The understanding that citizenship is exclusive to national governments is unreflective of how federalism shapes citizenship and entirely misses how states hold significant power over a panoply of rights. In our book, we place recent immigrant policies into larger historical and theoretical context by exploring what it means for states to expand or contract the rights of immigrants, blacks, LGBTQ communities and people with disabilities. We develop a conceptual framework of federated citizenship as a parallel set of rights across levels of government — national, state and local — all with the same five key dimensions of rights. As we show, state citizenship operates in parallel to national citizenship, and in some important ways, exceeds the standards of national citizenship.
We also lay out important differences between progressive citizenship, where states expand rights beyond those provided at the national level, regressive citizenship, where states detract rights available at the national level, and restrictive citizenship, where states reinforce federal restrictions on rights at the state level. Our primary argument is that the spread and timing of state citizenship regimes is explained by conflicts between federal and state governments, combined with conditions of party strength and social movement infrastructure within states.

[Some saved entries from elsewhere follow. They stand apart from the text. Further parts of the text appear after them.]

section \<open>Adding attacks along existing conflicts\<close>

lemma C_final_subset_C_final_more_attacks:
  assumes RR': "R \<subseteq> R'" "R' \<subseteq> conf (A, R)" and cf: "conflict_free (A, R') S"
    and b: "b \<in> C_final (A, R') S a" "b \<in> C_final (A, R) S b"
  shows "C_final (A, R) S b \<subseteq> C_final (A, R') S a"
proof -
  define Y where "Y = C_final (A, R') S a"
  define W where "W = C_final (A, R) S b"
  define X where "X = Y \<union> W \<union> {s \<in> S - W. \<exists>w\<in>W. (s, w) \<in> R'}"
  define G where "G = restr (A, R') X"
  have "Y \<subseteq> X"
    by (auto simp: X_def)
  then have "comp (restr (A, R') Y) a \<subseteq> comp G a"
    unfolding G_def by (rule comp_restr_mono)
  then have "Y \<subseteq> comp G a"
    using comp_restr_C_final[of "(A, R')" S a] by (simp add: Y_def)
  then have b_a: "b \<in> comp G a"
    using b Y_def by blast
  have "W \<subseteq> comp G b"
    using comp_mono[of "restr (A, R) W" G b] comp_restr_C_final[of "(A, R)" S b] RR'(1)
    by (auto simp: G_def X_def W_def restr_def)
  then have W_a: "W \<subseteq> comp G a"
    using mem_comp_trans[OF b_a] by blast
  have "s \<in> comp G a" if s: "s \<in> S - W" "w \<in> W" "(s, w) \<in> R'" for s w
  proof (rule mem_comp_if_edges)
    show "w \<in> comp G a"
      using W_a s(2) by blast
    have "(s, w) \<notin> R"
      using s D_C_final[of "(A, R)" S b] by (auto simp: D_def W_def)
    then have "(w, s) \<in> R"
      using s(3) RR'(2) by (auto simp: conf_def)
    moreover have "s \<in> X" "w \<in> X"
      using s by (auto simp: X_def)
    ultimately show "(w, s) \<in> snd G" "(s, w) \<in> snd G"
      using s(3) RR'(1) by (auto simp: G_def restr_def)
  qed
  then have "X \<subseteq> comp G a"
    using \<open>Y \<subseteq> comp G a\<close> W_a unfolding X_def by blast
  moreover have "comp G a \<subseteq> X"
    unfolding G_def by (rule comp_restr_subset)
  ultimately have "comp G a = X"
    by blast
  moreover have "D (A, R') S X = {}"
  proof -
    have False if z: "z \<in> X" "s \<in> S - X" "(s, z) \<in> R'" for s z
    proof -
      consider "z \<in> Y" | "z \<in> W" | "z \<in> S"
        using z(1) by (auto simp: X_def)
      then show False
      proof cases
        case 1
        then show False
          using z \<open>Y \<subseteq> X\<close> D_C_final[of "(A, R')" S a] by (auto simp: D_def Y_def)
      next
        case 2
        then show False
          using z by (auto simp: X_def)
      next
        case 3
        then show False
          using z cf by (auto simp: conflict_free_def)
      qed
    qed
    then show ?thesis
      by (auto simp: D_def)
  qed
  ultimately have "X \<subseteq> Y"
    unfolding G_def Y_def by (rule subset_C_final)
  then show ?thesis
    unfolding X_def W_def Y_def by blast
qed

lemma naive_C_final_more_attacks:
  assumes RR': "R \<subseteq> R'" "R' \<subseteq> conf (A, R)" and S: "S \<in> tfcf2 (A, R)"
  shows "naive (restr (A, R') (C_final (A, R') S a)) (S \<inter> C_final (A, R') S a)"
proof -
  define Y where "Y = C_final (A, R') S a"
  have "conflict_free (A, R) S"
    using S by (simp add: tfcf2_def)
  then have cf: "conflict_free (A, R') S"
    using RR'(2) by (rule conflict_free_subset_conf)
  have "T \<subseteq> S" if T: "T \<subseteq> Y" "conflict_free (A, R') T" "S \<inter> Y \<subseteq> T" for T
  proof
    fix b assume "b \<in> T"
    have "b \<in> A"
      using T(2) \<open>b \<in> T\<close> by (auto simp: conflict_free_def)
    show "b \<in> S"
    proof (cases "\<exists>s\<in>S. (s, b) \<in> R")
      case True
      then obtain s where s: "s \<in> S" "(s, b) \<in> R'"
        using RR'(1) by blast
      then have "s \<in> Y"
        using D_C_final[of "(A, R')" S a] T(1) \<open>b \<in> T\<close> by (auto simp: D_def Y_def)
      with s T \<open>b \<in> T\<close> have False
        by (auto simp: conflict_free_def)
      then show ?thesis ..
    next
      case False
      define W where "W = C_final (A, R) S b"
      have "b \<in> W"
        using False \<open>b \<in> A\<close> mem_C_final_if_unattacked[of b "(A, R)" S] by (simp add: W_def)
      moreover have "W \<subseteq> Y"
        unfolding W_def Y_def
        by (rule C_final_subset_C_final_more_attacks[OF RR' cf])
          (use T(1) \<open>b \<in> T\<close> \<open>b \<in> W\<close> in \<open>auto simp: W_def Y_def\<close>)
      ultimately have "conflict_free (restr (A, R) W) (insert b (S \<inter> W))"
        using T \<open>b \<in> T\<close> RR'(1) conflict_free_antimono[of A R' T "insert b (S \<inter> W)" R]
        by (auto simp: conflict_free_restr_iff)
      moreover have "naive (restr (A, R) W) (S \<inter> W)"
        using S \<open>b \<in> W\<close> \<open>b \<in> A\<close> by (auto simp: tfcf2_def W_def)
      ultimately show ?thesis
        unfolding naive_def by blast
    qed
  qed
  moreover have "conflict_free (A, R') (S \<inter> Y)"
    using cf Int_lower1 order_refl by (rule conflict_free_antimono)
  ultimately show ?thesis
    unfolding naive_def conflict_free_restr_iff Y_def[symmetric] by blast
qed

lemma tfcf2_more_attacks:
  assumes "R \<subseteq> R'" "conf (A, R) = conf (A, R')" "S \<in> tfcf2 (A, R)"
  shows "S \<in> tfcf2 (A, R')"
proof -
  have R': "R' \<subseteq> conf (A, R)"
    using assms(2) by (simp add: conf_eq_Un_converse)
  have "conflict_free (A, R) S"
    using assms(3) by (simp add: tfcf2_def)
  then have "conflict_free (A, R') S"
    using R' by (rule conflict_free_subset_conf)
  with naive_C_final_more_attacks[OF assms(1) R' assms(3)] show ?thesis
    by (simp add: tfcf2_def)
qed

lemma skepticism_adequateI:
  fixes \<sigma> :: "'a af \<Rightarrow> 'a set set"
  assumes "\<And>T1 T2. T2 \<subseteq> T1 \<Longrightarrow> le T1 T2"
    and "\<And>A RF RG S. RG \<subseteq> RF \<Longrightarrow> conf (A, RG) = conf (A, RF) \<Longrightarrow> S \<in> \<sigma> (A, RG) \<Longrightarrow> S \<in> \<sigma> (A, RF)"
  shows "skepticism_adequate \<sigma> le"
  unfolding skepticism_adequate_def
proof (intro allI impI)
  fix A :: "'a set" and RF RG
  assume "RF \<subseteq> A \<times> A \<and> RG \<subseteq> A \<times> A \<and> RG \<subseteq> RF \<and> conf (A, RF) = conf (A, RG)"
  then have "\<sigma> (A, RG) \<subseteq> \<sigma> (A, RF)"
    using assms(2)[of RG RF A] by blast
  then show "le (\<sigma> (A, RF)) (\<sigma> (A, RG))"
    by (rule assms(1))
qed

theorem theorem15:
  fixes A :: "'a set" and R R' :: "('a \<times> 'a) set" and S :: "'a set"
  assumes "R \<subseteq> A \<times> A" and "R' \<subseteq> A \<times> A"
    and "R \<subseteq> R'" and "conf (A, R) = conf (A, R')"
    and "S \<in> tfcf2 (A, R)"
  shows "S \<in> tfcf2 (A, R') \<and>
    skepticism_adequate (tfcf2 :: 'a af \<Rightarrow> 'a set set) skept_cap \<and>
    skepticism_adequate (tfcf2 :: 'a af \<Rightarrow> 'a set set) skept_W"
proof (intro conjI)
  show "S \<in> tfcf2 (A, R')"
    using assms(3-5) by (rule tfcf2_more_attacks)
  show "skepticism_adequate (tfcf2 :: 'a af \<Rightarrow> 'a set set) skept_cap"
    using tfcf2_more_attacks by (rule skepticism_adequateI[rotated]) (auto simp: skept_cap_def)
  show "skepticism_adequate (tfcf2 :: 'a af \<Rightarrow> 'a set set) skept_W"
    using tfcf2_more_attacks by (rule skepticism_adequateI[rotated]) (auto simp: skept_W_def)
qed

end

Q: What does it mean to you to be given the Russell Sage Foundation Presidential Award?
A: The Russell Sage Foundation has a strong reputation for rigorous scholarship and has been actively engaged in producing and supporting research on race, ethnicity and immigration. "Today’s Runaway Slaves" has already benefitted tremendously from the review process for the award, with generous feedback and suggestions on how to improve the conceptual and theoretical advancements I aim to make. Being selected for their presidential award is a great honor. I am deeply humbled to be placed alongside scholars that admire and to have my work shared with a broad audience of people interested in these issues and working toward solutions.